Outpatient knee replacement is one of surgery's hottest trends, but questions persist about how to best prepare patients for same-day discharge. Is robotics necessary? Do you really need to work with vendor reps? Is regional anesthesia a better option than inhalational? Whether you're thinking about adding outpatient knees or you already host the procedures, read on to find out what experts say about those key considerations.
Weighing in on robotics
Orthopedic surgeon Kevin Stone, MD, of the Stone Clinic in San Francisco, Calif., has been using robotics to perform partial knee replacements for the past 3 years. "I had been doing them without the robot for 25 years, but the accuracy was never quite high enough to place the implant perfectly every time," he says. "The robotic device provides a much higher level of confidence."

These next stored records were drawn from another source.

lemma no_vertex_dominating_neighbours:
  assumes e: "e \<in> V" and c: "c \<in> V" and "c \<noteq> e" and "\<not> adj e c"
    and dom: "\<And>z. adj e z \<Longrightarrow> adj z c"
  shows False
proof -
  obtain n where n: "walk_len adj n e c" using connected e c by blast
  then obtain z where "adj e z" using \<open>c \<noteq> e\<close> by (cases n) auto
  then have "walk_len adj 2 e c" using dom by (auto simp: numeral_eq_Suc)
  then have "gdist adj e c = 2"
    using gdist_le_walk_len gdist_eq_0_iff[OF e c] gdist_eq_1_iff[OF e c] assms(3,4)
    by (metis One_nat_def le_Suc_eq le_zero_eq numeral_2_eq_2)
  then have "card {z\<in>V. adj e z \<and> gdist adj z c = 2 - 1} = \<mu>"
    using card_closer_neighbours[OF e c] by simp
  moreover have "{z\<in>V. adj e z \<and> gdist adj z c = 2 - 1} = {z\<in>V. adj e z}"
    using dom gdist_eq_1_iff c by auto
  ultimately show False using card_neighbours[OF e] mu_less_k by simp
qed

end

locale dicyclic_relations = group G for G (structure) +
  fixes a b :: 'a and m :: nat
  assumes a_closed: "a \<in> carrier G" and b_closed: "b \<in> carrier G"
    and conj_b_a: "inv b \<otimes> a \<otimes> b = inv a"
    and b_square: "b \<otimes> b = a [^] int m"
begin

lemma conj_b_a_int_pow: "inv b \<otimes> a [^] (i::int) \<otimes> b = a [^] (- i)"
proof -
  define h where "h = (\<lambda>x. inv b \<otimes> x \<otimes> b)"
  have cancel: "b \<otimes> (inv b \<otimes> x) = x" if "x \<in> carrier G" for x
    using b_closed that by (simp add: m_assoc[symmetric])
  have "h \<in> hom G G"
    unfolding hom_def h_def using b_closed by (auto simp: m_assoc cancel)
  then have "h (a [^] i) = h a [^] i" using hom_int_pow a_closed is_group by metis
  then show ?thesis using conj_b_a h_def a_closed by (simp add: int_pow_inv int_pow_neg)
qed

lemma b_mult_a_int_pow: "b \<otimes> a [^] (i::int) = a [^] (- i) \<otimes> b"
proof -
  have "b \<otimes> (inv b \<otimes> a [^] (- i) \<otimes> b) = a [^] (- i) \<otimes> b"
    using a_closed b_closed by (simp add: m_assoc[symmetric])
  then show ?thesis using conj_b_a_int_pow[of "- i"] by simp
qed

lemma a_pow_b_mult_a_pow: "a [^] (i::int) \<otimes> b \<otimes> a [^] (j::int) = a [^] (i - j) \<otimes> b"
proof -
  have "a [^] (i - j) = a [^] i \<otimes> a [^] (- j)" using a_closed int_pow_mult[of a i "- j"] by simp
  then show ?thesis using a_closed b_closed by (simp add: m_assoc b_mult_a_int_pow)
qed

lemma a_pow_b_mult_a_pow_b: "(a [^] (i::int) \<otimes> b) \<otimes> (a [^] (j::int) \<otimes> b) = a [^] (i - j + int m)"
proof -
  have "(a [^] i \<otimes> b) \<otimes> (a [^] j \<otimes> b) = (a [^] i \<otimes> b \<otimes> a [^] j) \<otimes> b"
    using a_closed b_closed by (simp add: m_assoc)
  also have "\<dots> = a [^] (i - j) \<otimes> (b \<otimes> b)"
    using a_closed b_closed by (simp add: a_pow_b_mult_a_pow m_assoc)
  also have "\<dots> = a [^] (i - j + int m)" using a_closed by (simp add: b_square int_pow_mult)
  finally show ?thesis .
qed

lemma inv_b: "inv b = a [^] (- int m) \<otimes> b"
proof (rule inv_equality)
  show "a [^] (- int m) \<otimes> b \<otimes> b = \<one>"
    using a_closed b_closed by (simp add: m_assoc b_square int_pow_mult[symmetric])
qed (use a_closed b_closed in auto)

definition normal_forms :: "'a set" where
  "normal_forms = {x. \<exists>i::int. x = a [^] i} \<union> {x. \<exists>i::int. x = a [^] i \<otimes> b}"

lemma normal_forms_subset_carrier: "normal_forms \<subseteq> carrier G"
  unfolding normal_forms_def using a_closed b_closed by auto
lemma cinner_mult_adjoint:
  assumes A: "A \<in> carrier_mat m n" and x: "x \<in> carrier_vec n" and y: "y \<in> carrier_vec m"
  shows "cinner (A *\<^sub>v x) y = cinner x (mat_adjoint A *\<^sub>v y)"
proof -
  have "cinner (A *\<^sub>v x) y = (\<Sum>i<m. (\<Sum>j<n. A $$ (i,j) * x $ j) * cnj (y $ i))"
    using A x y unfolding cinner_def by (simp add: scalar_prod_def atLeast0LessThan)
  also have "\<dots> = (\<Sum>i<m. \<Sum>j<n. x $ j * (A $$ (i,j) * cnj (y $ i)))"
    by (auto simp: sum_distrib_left sum_distrib_right mult_ac intro!: sum.cong)
  also have "\<dots> = (\<Sum>j<n. \<Sum>i<m. x $ j * (A $$ (i,j) * cnj (y $ i)))"
    by (rule sum.swap)
  also have "\<dots> = cinner x (mat_adjoint A *\<^sub>v y)"
    using A x y unfolding cinner_def
    by (simp add: scalar_prod_def atLeast0LessThan sum_distrib_left)
  finally show ?thesis .
qed

lemma adjoint_mult_self_mult_vec:
  "N \<in> carrier_mat m n \<Longrightarrow> v \<in> carrier_vec n \<Longrightarrow> (mat_adjoint N * N) *\<^sub>v v = mat_adjoint N *\<^sub>v (N *\<^sub>v v)"
  by (rule assoc_mult_mat_vec[OF mat_adjoint_carrier]) auto

lemma smult_mat_mult_vec:
  "A \<in> carrier_mat m n \<Longrightarrow> v \<in> carrier_vec n \<Longrightarrow> (c \<cdot>\<^sub>m A) *\<^sub>v v = c \<cdot>\<^sub>v (A *\<^sub>v v)"
  for A :: "complex mat"
  by (intro eq_vecI) (auto simp: scalar_prod_def sum_distrib_left mult.assoc)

A computerized model of the joint's anatomy is built from a pre-op CT scan of the knee. The computer then plans the accurate placement of the implant by adjusting its position, rotation and alignment. On the day of surgery, surgeons place pins containing arrays in the femur and tibia that tell the robot where the knee is in space and match it to the computer model. "We're then able to place a burr that removes only the worn part of the knee we're resurfacing and place the implant in that spot," explains Dr. Stone.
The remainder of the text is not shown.